**ASSIGNED TASK**
Look through the data below for the line with "p(1) by blast" and the line with "x (L2 a) = 5", then output those two and all lines in between, exactly as written.

=== Section Start ===

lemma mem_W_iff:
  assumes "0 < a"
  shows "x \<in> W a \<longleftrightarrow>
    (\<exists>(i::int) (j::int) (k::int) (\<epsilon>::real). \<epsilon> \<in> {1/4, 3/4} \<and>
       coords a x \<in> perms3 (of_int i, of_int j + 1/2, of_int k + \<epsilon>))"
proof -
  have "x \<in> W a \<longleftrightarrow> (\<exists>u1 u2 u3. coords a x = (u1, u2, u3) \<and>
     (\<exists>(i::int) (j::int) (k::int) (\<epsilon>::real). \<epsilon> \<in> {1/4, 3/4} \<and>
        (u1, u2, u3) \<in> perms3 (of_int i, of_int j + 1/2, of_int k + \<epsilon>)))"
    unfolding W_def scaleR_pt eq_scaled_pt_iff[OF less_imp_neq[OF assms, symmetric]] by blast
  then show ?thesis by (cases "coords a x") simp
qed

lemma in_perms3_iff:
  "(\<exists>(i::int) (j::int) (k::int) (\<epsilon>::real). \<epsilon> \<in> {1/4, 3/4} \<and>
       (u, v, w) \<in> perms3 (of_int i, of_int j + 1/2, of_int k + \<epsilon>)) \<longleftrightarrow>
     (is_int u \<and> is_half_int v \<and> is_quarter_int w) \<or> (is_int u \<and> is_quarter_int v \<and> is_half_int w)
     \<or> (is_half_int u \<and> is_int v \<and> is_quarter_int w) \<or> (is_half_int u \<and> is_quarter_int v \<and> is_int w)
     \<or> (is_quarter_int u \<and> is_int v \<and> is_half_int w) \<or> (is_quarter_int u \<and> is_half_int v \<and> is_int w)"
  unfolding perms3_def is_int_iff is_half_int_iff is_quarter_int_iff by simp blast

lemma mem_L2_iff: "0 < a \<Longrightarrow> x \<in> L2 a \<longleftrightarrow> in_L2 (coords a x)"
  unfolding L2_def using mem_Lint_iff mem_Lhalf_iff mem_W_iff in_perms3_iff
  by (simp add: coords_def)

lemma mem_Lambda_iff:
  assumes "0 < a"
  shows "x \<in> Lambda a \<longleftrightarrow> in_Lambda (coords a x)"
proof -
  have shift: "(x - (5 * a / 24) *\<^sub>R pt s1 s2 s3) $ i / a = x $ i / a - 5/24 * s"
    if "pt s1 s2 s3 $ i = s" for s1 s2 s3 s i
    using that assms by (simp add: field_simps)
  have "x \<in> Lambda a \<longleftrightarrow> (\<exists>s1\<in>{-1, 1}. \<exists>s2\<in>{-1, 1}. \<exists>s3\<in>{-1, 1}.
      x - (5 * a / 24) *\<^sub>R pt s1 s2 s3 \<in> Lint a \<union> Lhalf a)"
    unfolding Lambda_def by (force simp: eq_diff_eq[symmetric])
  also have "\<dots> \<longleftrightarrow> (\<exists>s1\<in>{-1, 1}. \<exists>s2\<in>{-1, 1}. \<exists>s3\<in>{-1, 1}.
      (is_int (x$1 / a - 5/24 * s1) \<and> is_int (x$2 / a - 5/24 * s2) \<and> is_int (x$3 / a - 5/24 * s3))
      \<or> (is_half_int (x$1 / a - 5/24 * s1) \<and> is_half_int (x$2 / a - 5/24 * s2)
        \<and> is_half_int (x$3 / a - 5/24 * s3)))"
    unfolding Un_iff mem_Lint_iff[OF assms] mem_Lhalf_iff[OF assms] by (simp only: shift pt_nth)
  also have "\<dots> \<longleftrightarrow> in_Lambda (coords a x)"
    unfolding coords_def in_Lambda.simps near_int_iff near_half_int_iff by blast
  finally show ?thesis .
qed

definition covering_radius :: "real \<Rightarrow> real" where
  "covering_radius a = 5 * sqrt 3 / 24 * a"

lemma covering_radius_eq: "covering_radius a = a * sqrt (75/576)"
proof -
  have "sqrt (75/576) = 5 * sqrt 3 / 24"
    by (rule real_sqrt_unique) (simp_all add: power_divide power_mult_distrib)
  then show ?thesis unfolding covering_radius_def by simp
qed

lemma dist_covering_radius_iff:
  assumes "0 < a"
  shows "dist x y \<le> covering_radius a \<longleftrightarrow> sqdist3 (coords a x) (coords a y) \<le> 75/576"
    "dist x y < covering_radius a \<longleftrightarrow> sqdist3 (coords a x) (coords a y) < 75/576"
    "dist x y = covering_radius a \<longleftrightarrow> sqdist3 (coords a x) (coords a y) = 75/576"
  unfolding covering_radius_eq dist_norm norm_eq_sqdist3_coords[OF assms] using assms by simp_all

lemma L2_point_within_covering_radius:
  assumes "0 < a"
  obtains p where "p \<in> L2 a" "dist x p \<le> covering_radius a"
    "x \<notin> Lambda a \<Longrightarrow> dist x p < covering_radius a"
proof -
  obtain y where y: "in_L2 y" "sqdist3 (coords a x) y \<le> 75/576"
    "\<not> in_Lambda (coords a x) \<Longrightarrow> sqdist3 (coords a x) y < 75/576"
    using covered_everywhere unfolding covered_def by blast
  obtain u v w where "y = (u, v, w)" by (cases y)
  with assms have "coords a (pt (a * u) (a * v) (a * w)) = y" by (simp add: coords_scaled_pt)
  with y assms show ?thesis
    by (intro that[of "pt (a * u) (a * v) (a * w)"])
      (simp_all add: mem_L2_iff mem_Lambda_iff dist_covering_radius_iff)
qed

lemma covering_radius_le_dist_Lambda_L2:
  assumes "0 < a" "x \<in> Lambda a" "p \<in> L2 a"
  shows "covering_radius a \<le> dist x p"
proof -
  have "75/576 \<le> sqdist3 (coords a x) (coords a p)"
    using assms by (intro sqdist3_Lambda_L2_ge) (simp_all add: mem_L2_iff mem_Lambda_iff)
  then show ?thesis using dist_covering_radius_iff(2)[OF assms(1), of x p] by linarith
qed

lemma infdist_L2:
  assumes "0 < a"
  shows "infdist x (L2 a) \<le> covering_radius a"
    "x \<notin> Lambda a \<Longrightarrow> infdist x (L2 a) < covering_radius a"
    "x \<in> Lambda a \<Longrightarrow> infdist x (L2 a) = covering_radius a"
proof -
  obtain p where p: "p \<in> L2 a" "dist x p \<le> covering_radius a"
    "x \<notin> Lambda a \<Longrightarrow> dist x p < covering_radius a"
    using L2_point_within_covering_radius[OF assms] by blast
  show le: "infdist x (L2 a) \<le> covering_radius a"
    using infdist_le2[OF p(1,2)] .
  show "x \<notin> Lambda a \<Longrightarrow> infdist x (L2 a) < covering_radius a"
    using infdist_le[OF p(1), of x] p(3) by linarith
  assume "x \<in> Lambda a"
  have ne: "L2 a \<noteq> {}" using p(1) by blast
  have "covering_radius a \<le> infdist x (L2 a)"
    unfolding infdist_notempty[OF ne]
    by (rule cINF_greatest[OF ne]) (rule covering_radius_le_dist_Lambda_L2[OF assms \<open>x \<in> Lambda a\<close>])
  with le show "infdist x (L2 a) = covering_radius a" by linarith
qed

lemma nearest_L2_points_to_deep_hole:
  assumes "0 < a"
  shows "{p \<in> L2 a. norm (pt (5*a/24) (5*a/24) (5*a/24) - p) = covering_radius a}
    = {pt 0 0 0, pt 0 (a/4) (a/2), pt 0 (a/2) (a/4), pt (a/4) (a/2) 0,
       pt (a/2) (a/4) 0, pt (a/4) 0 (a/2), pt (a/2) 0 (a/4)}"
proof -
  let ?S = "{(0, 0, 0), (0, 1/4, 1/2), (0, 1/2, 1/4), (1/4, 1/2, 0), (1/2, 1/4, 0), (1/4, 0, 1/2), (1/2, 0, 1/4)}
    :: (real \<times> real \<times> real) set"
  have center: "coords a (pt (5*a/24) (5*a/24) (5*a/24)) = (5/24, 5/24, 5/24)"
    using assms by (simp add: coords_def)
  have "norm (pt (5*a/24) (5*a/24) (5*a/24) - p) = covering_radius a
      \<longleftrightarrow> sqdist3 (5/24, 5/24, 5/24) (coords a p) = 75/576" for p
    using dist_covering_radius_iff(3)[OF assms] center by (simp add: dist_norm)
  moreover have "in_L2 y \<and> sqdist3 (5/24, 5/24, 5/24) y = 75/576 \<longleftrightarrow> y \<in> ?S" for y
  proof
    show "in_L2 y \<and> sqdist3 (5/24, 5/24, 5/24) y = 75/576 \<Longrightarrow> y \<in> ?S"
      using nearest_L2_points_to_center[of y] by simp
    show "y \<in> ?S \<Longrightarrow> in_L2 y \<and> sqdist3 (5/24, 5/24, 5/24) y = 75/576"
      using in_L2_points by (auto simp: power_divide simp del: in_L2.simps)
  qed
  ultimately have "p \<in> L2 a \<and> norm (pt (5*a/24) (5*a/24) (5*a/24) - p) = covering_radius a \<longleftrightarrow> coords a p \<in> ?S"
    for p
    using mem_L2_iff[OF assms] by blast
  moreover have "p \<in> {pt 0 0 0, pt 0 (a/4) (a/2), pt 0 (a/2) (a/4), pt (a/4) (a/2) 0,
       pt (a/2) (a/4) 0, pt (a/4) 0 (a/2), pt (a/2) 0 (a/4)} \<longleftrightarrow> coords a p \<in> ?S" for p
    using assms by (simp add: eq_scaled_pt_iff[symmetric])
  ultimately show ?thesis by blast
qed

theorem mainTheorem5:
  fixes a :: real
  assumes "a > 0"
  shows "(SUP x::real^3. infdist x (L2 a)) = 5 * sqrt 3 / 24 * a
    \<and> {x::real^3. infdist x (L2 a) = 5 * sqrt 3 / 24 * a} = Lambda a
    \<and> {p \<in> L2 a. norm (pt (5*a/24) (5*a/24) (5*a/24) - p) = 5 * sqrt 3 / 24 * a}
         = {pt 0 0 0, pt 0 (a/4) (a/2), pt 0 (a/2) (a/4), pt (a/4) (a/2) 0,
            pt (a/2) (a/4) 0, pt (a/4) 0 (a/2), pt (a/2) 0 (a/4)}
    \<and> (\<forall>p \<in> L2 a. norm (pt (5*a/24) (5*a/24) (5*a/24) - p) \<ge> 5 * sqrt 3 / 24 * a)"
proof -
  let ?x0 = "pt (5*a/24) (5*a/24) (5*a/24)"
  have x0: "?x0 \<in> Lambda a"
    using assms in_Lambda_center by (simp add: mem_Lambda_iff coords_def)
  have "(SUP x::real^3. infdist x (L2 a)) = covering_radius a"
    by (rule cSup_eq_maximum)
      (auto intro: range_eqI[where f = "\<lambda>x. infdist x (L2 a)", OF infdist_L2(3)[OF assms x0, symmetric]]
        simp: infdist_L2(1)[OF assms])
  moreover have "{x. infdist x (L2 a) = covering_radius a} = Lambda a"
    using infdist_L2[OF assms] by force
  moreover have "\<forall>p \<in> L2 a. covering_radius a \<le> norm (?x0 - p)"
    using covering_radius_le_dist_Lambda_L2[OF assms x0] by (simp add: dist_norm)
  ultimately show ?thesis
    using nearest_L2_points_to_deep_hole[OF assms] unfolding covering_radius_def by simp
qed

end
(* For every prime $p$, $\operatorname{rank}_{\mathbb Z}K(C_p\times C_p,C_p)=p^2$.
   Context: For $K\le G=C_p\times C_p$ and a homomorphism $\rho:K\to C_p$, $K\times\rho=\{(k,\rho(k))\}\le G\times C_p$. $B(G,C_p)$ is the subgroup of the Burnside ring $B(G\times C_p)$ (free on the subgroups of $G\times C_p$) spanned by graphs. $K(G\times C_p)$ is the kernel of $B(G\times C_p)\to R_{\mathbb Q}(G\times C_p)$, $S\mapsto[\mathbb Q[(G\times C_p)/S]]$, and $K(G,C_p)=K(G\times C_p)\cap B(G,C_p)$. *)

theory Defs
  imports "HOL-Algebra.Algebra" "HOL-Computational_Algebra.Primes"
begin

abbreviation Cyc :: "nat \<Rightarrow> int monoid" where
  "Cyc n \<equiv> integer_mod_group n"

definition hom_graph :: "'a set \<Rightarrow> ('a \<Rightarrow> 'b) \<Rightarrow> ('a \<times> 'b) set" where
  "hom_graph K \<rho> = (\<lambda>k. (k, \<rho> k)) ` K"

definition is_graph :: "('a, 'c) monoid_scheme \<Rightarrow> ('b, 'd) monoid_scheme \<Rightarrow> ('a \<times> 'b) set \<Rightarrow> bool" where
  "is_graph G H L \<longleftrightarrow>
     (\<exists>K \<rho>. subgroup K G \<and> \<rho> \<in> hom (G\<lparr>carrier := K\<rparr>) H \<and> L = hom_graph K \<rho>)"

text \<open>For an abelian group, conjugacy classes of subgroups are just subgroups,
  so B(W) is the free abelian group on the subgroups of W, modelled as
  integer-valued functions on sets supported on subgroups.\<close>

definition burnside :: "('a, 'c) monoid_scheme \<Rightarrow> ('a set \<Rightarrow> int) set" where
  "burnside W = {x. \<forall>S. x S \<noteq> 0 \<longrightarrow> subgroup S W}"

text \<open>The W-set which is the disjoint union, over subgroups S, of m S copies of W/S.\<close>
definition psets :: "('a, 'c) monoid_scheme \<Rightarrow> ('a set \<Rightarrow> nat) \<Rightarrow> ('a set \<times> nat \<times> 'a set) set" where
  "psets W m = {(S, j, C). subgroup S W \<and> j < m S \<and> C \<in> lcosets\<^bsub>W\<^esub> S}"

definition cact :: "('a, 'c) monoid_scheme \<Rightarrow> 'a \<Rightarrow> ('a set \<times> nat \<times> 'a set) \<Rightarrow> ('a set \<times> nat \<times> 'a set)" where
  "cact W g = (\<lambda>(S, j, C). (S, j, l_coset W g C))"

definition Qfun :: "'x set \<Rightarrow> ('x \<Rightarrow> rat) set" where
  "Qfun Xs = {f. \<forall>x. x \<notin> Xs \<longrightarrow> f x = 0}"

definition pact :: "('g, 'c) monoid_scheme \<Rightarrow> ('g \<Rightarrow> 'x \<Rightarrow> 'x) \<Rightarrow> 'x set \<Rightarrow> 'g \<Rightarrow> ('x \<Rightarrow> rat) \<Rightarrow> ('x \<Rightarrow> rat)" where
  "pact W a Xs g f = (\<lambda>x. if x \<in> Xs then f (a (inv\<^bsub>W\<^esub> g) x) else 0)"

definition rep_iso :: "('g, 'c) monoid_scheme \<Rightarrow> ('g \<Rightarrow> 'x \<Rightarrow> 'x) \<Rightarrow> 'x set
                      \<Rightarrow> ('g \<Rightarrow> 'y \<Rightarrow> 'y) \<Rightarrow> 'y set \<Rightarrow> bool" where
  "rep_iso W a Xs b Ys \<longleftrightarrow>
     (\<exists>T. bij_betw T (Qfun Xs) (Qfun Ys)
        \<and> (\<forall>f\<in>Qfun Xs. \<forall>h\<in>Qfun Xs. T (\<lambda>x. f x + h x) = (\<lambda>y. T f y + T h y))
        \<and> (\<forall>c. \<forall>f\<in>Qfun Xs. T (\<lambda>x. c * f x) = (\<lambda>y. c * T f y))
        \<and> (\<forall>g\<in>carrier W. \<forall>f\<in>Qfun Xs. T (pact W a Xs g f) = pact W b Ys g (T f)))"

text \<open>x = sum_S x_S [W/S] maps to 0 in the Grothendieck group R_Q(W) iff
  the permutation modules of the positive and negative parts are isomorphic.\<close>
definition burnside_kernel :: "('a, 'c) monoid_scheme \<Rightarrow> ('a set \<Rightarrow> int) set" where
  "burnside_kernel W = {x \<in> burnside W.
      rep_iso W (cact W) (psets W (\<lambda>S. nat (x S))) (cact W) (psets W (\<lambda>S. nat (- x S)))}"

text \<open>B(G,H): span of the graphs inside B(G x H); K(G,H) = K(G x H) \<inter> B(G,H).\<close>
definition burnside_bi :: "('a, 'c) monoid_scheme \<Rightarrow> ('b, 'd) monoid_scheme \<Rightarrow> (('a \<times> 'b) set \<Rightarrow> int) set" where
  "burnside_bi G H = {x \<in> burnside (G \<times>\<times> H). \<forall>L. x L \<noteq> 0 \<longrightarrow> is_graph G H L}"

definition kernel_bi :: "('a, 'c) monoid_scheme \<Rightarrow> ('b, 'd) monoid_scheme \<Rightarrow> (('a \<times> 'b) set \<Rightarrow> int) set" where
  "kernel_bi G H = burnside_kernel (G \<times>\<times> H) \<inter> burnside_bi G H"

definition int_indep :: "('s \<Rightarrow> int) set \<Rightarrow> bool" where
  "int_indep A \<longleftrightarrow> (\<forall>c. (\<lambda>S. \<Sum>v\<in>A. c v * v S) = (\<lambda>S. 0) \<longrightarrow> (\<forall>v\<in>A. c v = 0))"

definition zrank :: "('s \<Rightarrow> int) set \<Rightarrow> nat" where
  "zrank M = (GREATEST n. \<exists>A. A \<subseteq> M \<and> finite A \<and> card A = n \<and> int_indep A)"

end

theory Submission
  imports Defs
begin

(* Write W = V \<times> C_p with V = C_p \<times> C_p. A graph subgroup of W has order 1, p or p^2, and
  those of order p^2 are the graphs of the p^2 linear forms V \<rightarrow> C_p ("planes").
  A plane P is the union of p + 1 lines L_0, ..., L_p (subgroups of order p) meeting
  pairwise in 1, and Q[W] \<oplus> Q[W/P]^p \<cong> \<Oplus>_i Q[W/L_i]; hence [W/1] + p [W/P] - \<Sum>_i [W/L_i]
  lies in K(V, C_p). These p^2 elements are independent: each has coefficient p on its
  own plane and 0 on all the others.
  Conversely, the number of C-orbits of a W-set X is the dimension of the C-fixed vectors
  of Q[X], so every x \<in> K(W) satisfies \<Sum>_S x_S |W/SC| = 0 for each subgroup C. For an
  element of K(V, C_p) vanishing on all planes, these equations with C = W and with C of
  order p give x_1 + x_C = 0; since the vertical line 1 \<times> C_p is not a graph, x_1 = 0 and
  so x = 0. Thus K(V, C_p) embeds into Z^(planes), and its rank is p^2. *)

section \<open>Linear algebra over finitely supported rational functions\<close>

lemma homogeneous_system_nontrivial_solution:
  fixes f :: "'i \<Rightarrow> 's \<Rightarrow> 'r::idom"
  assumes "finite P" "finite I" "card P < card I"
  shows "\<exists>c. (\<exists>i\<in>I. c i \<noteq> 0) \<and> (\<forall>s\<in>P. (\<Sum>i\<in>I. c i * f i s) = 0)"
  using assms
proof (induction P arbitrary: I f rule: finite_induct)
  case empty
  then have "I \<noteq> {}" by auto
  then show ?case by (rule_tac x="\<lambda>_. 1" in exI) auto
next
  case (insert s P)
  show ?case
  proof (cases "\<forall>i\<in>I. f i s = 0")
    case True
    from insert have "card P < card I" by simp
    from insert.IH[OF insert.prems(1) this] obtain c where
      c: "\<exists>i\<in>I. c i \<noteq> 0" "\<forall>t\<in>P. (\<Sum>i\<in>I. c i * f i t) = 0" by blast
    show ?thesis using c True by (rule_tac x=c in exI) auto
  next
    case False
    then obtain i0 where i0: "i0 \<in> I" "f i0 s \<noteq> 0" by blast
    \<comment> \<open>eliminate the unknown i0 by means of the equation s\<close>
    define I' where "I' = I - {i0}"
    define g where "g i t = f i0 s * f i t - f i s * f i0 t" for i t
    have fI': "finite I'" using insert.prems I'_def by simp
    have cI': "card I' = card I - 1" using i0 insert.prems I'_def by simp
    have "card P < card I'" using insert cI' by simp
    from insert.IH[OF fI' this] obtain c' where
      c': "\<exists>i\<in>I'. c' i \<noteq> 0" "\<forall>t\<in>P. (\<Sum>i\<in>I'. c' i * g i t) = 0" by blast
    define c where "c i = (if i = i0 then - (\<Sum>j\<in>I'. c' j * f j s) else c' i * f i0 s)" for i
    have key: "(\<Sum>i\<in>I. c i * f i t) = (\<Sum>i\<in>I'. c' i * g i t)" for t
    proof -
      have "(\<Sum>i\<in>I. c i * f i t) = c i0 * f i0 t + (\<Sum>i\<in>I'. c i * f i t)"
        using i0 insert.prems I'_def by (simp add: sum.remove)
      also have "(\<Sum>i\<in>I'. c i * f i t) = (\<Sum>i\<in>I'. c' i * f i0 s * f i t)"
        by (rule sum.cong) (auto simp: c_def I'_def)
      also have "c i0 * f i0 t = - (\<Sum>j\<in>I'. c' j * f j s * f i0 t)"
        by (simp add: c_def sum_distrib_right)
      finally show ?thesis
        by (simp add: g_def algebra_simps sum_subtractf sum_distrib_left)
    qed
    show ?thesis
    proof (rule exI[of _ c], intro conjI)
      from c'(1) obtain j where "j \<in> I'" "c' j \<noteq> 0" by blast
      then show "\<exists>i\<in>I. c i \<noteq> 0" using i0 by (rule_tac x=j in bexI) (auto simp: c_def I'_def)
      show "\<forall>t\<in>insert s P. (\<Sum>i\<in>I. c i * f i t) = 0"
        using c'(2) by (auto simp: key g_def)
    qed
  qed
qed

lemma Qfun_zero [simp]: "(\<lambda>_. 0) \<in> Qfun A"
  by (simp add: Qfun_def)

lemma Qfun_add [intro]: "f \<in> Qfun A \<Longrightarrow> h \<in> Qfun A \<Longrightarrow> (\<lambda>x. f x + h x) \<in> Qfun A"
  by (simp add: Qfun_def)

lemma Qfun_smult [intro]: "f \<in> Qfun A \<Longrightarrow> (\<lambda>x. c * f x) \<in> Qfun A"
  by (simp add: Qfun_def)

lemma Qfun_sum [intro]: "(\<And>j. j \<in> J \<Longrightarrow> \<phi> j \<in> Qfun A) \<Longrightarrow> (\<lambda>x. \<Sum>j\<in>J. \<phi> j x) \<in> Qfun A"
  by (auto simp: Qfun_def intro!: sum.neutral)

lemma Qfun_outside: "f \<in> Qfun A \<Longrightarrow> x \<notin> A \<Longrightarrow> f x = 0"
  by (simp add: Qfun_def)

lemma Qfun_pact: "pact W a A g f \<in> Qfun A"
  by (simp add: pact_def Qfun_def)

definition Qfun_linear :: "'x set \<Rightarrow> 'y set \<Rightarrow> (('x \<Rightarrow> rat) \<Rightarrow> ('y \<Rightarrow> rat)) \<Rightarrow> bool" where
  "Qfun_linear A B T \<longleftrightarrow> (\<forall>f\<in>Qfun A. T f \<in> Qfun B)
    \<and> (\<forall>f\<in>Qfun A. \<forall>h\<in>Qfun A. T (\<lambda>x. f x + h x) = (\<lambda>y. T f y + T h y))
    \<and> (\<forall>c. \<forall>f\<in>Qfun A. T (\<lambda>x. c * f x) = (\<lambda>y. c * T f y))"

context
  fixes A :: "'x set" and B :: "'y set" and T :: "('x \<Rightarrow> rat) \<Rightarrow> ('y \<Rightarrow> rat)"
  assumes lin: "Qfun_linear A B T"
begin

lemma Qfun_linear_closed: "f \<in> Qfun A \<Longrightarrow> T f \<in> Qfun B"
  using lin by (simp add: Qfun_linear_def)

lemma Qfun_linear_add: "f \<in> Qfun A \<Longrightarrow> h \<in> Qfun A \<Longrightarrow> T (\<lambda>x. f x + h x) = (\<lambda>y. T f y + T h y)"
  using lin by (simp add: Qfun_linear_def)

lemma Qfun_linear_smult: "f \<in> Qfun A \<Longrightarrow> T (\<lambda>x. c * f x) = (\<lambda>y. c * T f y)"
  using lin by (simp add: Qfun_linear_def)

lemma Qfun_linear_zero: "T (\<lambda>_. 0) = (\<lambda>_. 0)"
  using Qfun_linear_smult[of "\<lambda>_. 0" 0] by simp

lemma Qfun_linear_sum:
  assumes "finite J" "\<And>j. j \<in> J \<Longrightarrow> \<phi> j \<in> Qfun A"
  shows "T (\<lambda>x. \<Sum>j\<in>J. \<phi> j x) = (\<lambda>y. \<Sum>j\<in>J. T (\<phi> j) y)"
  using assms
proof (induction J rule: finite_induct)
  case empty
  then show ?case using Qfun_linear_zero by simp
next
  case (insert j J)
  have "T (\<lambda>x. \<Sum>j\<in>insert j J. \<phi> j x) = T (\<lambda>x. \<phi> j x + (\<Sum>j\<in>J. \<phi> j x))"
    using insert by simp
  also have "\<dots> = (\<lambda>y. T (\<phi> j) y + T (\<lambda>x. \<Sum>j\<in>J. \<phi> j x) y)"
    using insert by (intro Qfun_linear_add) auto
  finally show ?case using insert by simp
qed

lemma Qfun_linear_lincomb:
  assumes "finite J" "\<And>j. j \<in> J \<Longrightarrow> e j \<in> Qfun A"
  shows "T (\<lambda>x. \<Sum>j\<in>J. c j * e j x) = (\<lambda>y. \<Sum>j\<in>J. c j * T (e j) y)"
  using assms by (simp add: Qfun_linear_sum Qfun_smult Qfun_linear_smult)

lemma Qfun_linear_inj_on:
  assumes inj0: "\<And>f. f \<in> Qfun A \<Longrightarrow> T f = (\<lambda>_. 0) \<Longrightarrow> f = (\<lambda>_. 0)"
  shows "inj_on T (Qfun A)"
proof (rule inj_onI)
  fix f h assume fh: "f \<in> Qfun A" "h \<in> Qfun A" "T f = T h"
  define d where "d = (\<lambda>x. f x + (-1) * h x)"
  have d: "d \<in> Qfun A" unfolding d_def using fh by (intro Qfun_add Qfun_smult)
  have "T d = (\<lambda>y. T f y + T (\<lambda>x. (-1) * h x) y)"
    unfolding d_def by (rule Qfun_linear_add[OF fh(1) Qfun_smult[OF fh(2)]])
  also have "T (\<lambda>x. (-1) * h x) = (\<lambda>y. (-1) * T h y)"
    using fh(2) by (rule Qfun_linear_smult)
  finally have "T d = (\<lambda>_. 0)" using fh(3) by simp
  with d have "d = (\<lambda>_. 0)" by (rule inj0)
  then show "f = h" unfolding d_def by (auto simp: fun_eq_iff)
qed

=== Section End ===

**YOUR SOLUTION**
  have ne: "L2 a \<noteq> {}" using p(1) by blast
  have "covering_radius a \<le> infdist x (L2 a)"
    unfolding infdist_notempty[OF ne]
    by (rule cINF_greatest[OF ne]) (rule covering_radius_le_dist_Lambda_L2[OF assms \<open>x \<in> Lambda a\<close>])
  with le show "infdist x (L2 a) = covering_radius a" by linarith
qed

lemma nearest_L2_points_to_deep_hole:
  assumes "0 < a"
  shows "{p \<in> L2 a. norm (pt (5*a/24) (5*a/24) (5*a/24) - p) = covering_radius a}
    = {pt 0 0 0, pt 0 (a/4) (a/2), pt 0 (a/2) (a/4), pt (a/4) (a/2) 0,
       pt (a/2) (a/4) 0, pt (a/4) 0 (a/2), pt (a/2) 0 (a/4)}"
proof -
  let ?S = "{(0, 0, 0), (0, 1/4, 1/2), (0, 1/2, 1/4), (1/4, 1/2, 0), (1/2, 1/4, 0), (1/4, 0, 1/2), (1/2, 0, 1/4)}
    :: (real \<times> real \<times> real) set"
  have center: "coords a (pt (5*a/24) (5*a/24) (5*a/24)) = (5/24, 5/24, 5/24)"
    using assms by (simp add: coords_def)
  have "norm (pt (5*a/24) (5*a/24) (5*a/24) - p) = covering_radius a
      \<longleftrightarrow> sqdist3 (5/24, 5/24, 5/24) (coords a p) = 75/576" for p
    using dist_covering_radius_iff(3)[OF assms] center by (simp add: dist_norm)
  moreover have "in_L2 y \<and> sqdist3 (5/24, 5/24, 5/24) y = 75/576 \<longleftrightarrow> y \<in> ?S" for y
  proof
    show "in_L2 y \<and> sqdist3 (5/24, 5/24, 5/24) y = 75/576 \<Longrightarrow> y \<in> ?S"
      using nearest_L2_points_to_center[of y] by simp
    show "y \<in> ?S \<Longrightarrow> in_L2 y \<and> sqdist3 (5/24, 5/24, 5/24) y = 75/576"
      using in_L2_points by (auto simp: power_divide simp del: in_L2.simps)
  qed
  ultimately have "p \<in> L2 a \<and> norm (pt (5*a/24) (5*a/24) (5*a/24) - p) = covering_radius a \<longleftrightarrow> coords a p \<in> ?S"
    for p
    using mem_L2_iff[OF assms] by blast
  moreover have "p \<in> {pt 0 0 0, pt 0 (a/4) (a/2), pt 0 (a/2) (a/4), pt (a/4) (a/2) 0,
       pt (a/2) (a/4) 0, pt (a/4) 0 (a/2), pt (a/2) 0 (a/4)} \<longleftrightarrow> coords a p \<in> ?S" for p
    using assms by (simp add: eq_scaled_pt_iff[symmetric])
  ultimately show ?thesis by blast
qed

theorem mainTheorem5:
  fixes a :: real
  assumes "a > 0"
  shows "(SUP x::real^3. infdist x (L2 a)) = 5 * sqrt 3 / 24 * a
    \<and> {x::real^3. infdist x (L2 a) = 5 * sqrt 3 / 24 * a} = Lambda a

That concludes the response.